In Lean, there's a lot of talk about reducing work in progress (WIP). It's interesting to me that even though it seems that Lean concepts have permeated the software industry, so many teams struggle with finishing things.

Speaking from the point of view of a developer, I can say that there's a real drag on morale when it feels like no one particularly cares about receiving the value of my work. Obvious bottlenecks in a team's process that persistently go unaddressed are not just a waste of money, they're a reason for people to check out. Add to this malaise the tedium of fixing the continuous merge conflicts that come when we create code branches that we can't merge for a long time. Ugh.

Some common impediments to finishing things:

  • Slow code reviews
  • Exhaustive manual testing
  • Distracted product owners

Slow code reviews

I've long been of the opinion that most code reviews are hardly worth the time spent on them by the reviewer and not worth the interruption to the flow of work that they cause.
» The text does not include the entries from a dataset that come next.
lemma integral_squared_le:
  fixes h :: "real \<Rightarrow> real"
  assumes h: "continuous_on {a..b} h" and ab: "a < b"
  shows "(integral {a..b} h)\<^sup>2 \<le> (b - a) * integral {a..b} (\<lambda>r. (h r)\<^sup>2)"
proof -
  define J where "J = integral {a..b} h"
  define I where "I = integral {a..b} (\<lambda>r. (h r)\<^sup>2)"
  define m where "m = J / (b - a)"
  have J: "(h has_integral J) {a..b}" and I: "((\<lambda>r. (h r)\<^sup>2) has_integral I) {a..b}"
    unfolding J_def I_def by (intro integrable_integral integrable_continuous_real continuous_intros h)+
  have "((\<lambda>r. (h r)\<^sup>2 - 2 * m * h r + m\<^sup>2) has_integral I - 2 * m * J + (b - a) * m\<^sup>2) {a..b}"
    using ab by (intro has_integral_add has_integral_diff has_integral_mult_right I J)
      (use has_integral_const_real[of "m\<^sup>2" a b] in simp)
  then have "0 \<le> I - 2 * m * J + (b - a) * m\<^sup>2"
  proof (rule has_integral_nonneg)
    show "0 \<le> (h r)\<^sup>2 - 2 * m * h r + m\<^sup>2" for r
      using zero_le_power2[of "h r - m"] by (simp add: power2_diff algebra_simps)
  qed
  also have "\<dots> = I - J\<^sup>2 / (b - a)"
    using ab unfolding m_def by (simp add: power2_eq_square)
  finally show ?thesis using ab by (simp add: J_def I_def field_simps)
qed

definition window :: "real \<Rightarrow> real \<Rightarrow> (real \<times> real) set" where
  "window p q = {(t, r). 0 < t \<and> t powr p \<le> r \<and> r \<le> q * t powr p}"

lemma window_measurable[measurable]: "window p q \<in> sets (lborel \<Otimes>\<^sub>M lborel)"
proof -
  have "{x \<in> space (lborel \<Otimes>\<^sub>M lborel). 0 < fst x \<and> fst x powr p \<le> snd x \<and> snd x \<le> q * fst x powr p}
      \<in> sets (lborel \<Otimes>\<^sub>M lborel)"
    by measurable
  then show ?thesis by (simp add: window_def space_pair_measure case_prod_unfold)
qed

lemma nn_integral_window_section_le:
  assumes p: "p > 0" and q: "q \<ge> 1"
  shows "(\<integral>\<^sup>+ t. ennreal (1 / t) * indicator (window p q) (t, r) \<partial>lborel) \<le> ennreal (q powr (1 / p) - 1)"
proof (cases "r > 0")
  case False
  have "(t, r) \<notin> window p q" for t
  proof
    assume "(t, r) \<in> window p q"
    then have "0 < t powr p" "t powr p \<le> r" by (auto simp: window_def)
    with False show False by simp
  qed
  then show ?thesis by simp
next
  case True
  define \<alpha> where "\<alpha> = (r / q) powr (1 / p)"
  define \<gamma> where "\<gamma> = r powr (1 / p)"
  have \<alpha>: "\<alpha> > 0" using True q by (simp add: \<alpha>_def)
  have "\<gamma> / \<alpha> = q powr (1 / p)"
    using True q by (simp add: \<alpha>_def \<gamma>_def powr_divide)
  then have ratio: "(\<gamma> - \<alpha>) / \<alpha> = q powr (1 / p) - 1"
    using \<alpha> by (simp add: diff_divide_distrib)
  have "\<alpha> \<le> \<gamma>"
    unfolding \<alpha>_def \<gamma>_def using True q p by (intro powr_mono2) (auto simp: field_simps)
  have bounds: "\<alpha> \<le> t \<and> t \<le> \<gamma>" if "(t, r) \<in> window p q" for t
  proof -
    from that have t: "t > 0" and "t powr p \<le> r" "r / q \<le> t powr p"
      using q by (auto simp: window_def field_simps)
    then have "(t powr p) powr (1 / p) \<le> r powr (1 / p)" "(r / q) powr (1 / p) \<le> (t powr p) powr (1 / p)"
      using p True q by (auto intro!: powr_mono2)
    then show ?thesis using t p by (simp add: \<alpha>_def \<gamma>_def powr_powr)
  qed
  have "(\<integral>\<^sup>+ t. ennreal (1 / t) * indicator (window p q) (t, r) \<partial>lborel)
      \<le> (\<integral>\<^sup>+ t. ennreal (1 / \<alpha>) * indicator {\<alpha>..\<gamma>} t \<partial>lborel)"
    using bounds \<alpha> by (intro nn_integral_mono) (auto simp: indicator_def frac_le)
  also have "\<dots> = ennreal (1 / \<alpha>) * ennreal (\<gamma> - \<alpha>)"
    using \<open>\<alpha> \<le> \<gamma>\<close> by (simp add: nn_integral_cmult_indicator)
  also have "\<dots> = ennreal (q powr (1 / p) - 1)"
    using \<alpha> ratio by (simp add: ennreal_mult'[symmetric])
  finally show ?thesis .
qed

lemma nn_integral_window_average_le:
  fixes f :: "real \<Rightarrow> ennreal"
  assumes f[measurable]: "f \<in> borel_measurable borel" and p: "p > 0" and q: "q \<ge> 1"
  shows "(\<integral>\<^sup>+ t\<in>{0<..}. ennreal (1 / t) * (\<integral>\<^sup>+ r\<in>{t powr p..q * t powr p}. f r \<partial>lborel) \<partial>lborel)
    \<le> ennreal (q powr (1 / p) - 1) * (\<integral>\<^sup>+ r. f r \<partial>lborel)"
proof -
  let ?K = "\<lambda>t r. ennreal (1 / t) * indicator (window p q) (t, r)"
  have "(\<integral>\<^sup>+ t\<in>{0<..}. ennreal (1 / t) * (\<integral>\<^sup>+ r\<in>{t powr p..q * t powr p}. f r \<partial>lborel) \<partial>lborel)
      = (\<integral>\<^sup>+ t. (\<integral>\<^sup>+ r. ?K t r * f r \<partial>lborel) \<partial>lborel)"
  proof (rule nn_integral_cong)
    fix t :: real
    have "indicator (window p q) (t, r) = (indicator {0<..} t * indicator {t powr p..q * t powr p} r :: ennreal)"
      for r by (simp add: window_def indicator_def)
    then show "ennreal (1 / t) * (\<integral>\<^sup>+ r\<in>{t powr p..q * t powr p}. f r \<partial>lborel) * indicator {0<..} t
        = (\<integral>\<^sup>+ r. ?K t r * f r \<partial>lborel)"
      by (simp add: nn_integral_cmult[symmetric] nn_integral_multc[symmetric] ac_simps)
  qed
  also have "\<dots> = (\<integral>\<^sup>+ r. (\<integral>\<^sup>+ t. ?K t r * f r \<partial>lborel) \<partial>lborel)"
    by (rule lborel_pair.Fubini'[symmetric]) measurable
  also have "\<dots> = (\<integral>\<^sup>+ r. (\<integral>\<^sup>+ t. ?K t r \<partial>lborel) * f r \<partial>lborel)"
    by (intro nn_integral_cong nn_integral_multc) measurable
  also have "\<dots> \<le> (\<integral>\<^sup>+ r. ennreal (q powr (1 / p) - 1) * f r \<partial>lborel)"
    by (intro nn_integral_mono mult_right_mono nn_integral_window_section_le p q) simp
  also have "\<dots> = ennreal (q powr (1 / p) - 1) * (\<integral>\<^sup>+ r. f r \<partial>lborel)"
    by (rule nn_integral_cmult) measurable
  finally show ?thesis .
qed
It's really hard to do good code reviews and it's a major bummer to wait a long time for someone to review your code only to get a rubber stamp. I like to call this "Quality Theater", where a checklist of procedures are half-heartedly (yet religiously) performed that don't actually improve the quality much. I would encourage teams to look at metrics in whichever code review system they use to see how long code reviews are taking, and how many significant changes to code occur as a result of the reviews. Be honest if they're resulting in long delays that usually end in a rubber stamp.

Exhaustive manual testing

If the team has dedicated QA people, is it taking a long time for work to make it through testing? Why? Is there a large amount of manual testing going on for every story? Can we automate more of the tests? Are stories hanging around in the "QA in Progress" stage waiting for clarification from the product owner about an edge case that's not really central to the story? Are stories being rejected by QA because of a small issue that does not detract from the value of the story?

Distracted product owners

Is the product owner plugged into the project fully and making it a priority? Are we waiting a long time for them to accept the work we've done? Are stories being held up because of ambiguous requirements where the team can't agree if they were met or not?

So how do we finish things faster? Other than recognizing the impediments above and having some earnest discussions about why they're occurring, there are some general concepts that apply broadly.

The common thread is in identifying what is our unit of "done"?

  • Make stories that are small increments of value
  • If a story is being held up because of a tricky aspect, consider splitting off the hard part and finishing the easier part cleanly
  • If we discover a story has a subset of the requirements that is contentious or poorly defined, can we finish the obvious part now and put a story in the backlog for the wishy-washy part?

The idea is to focus on finishing things. What is slowing down our process of getting units of value to "done"?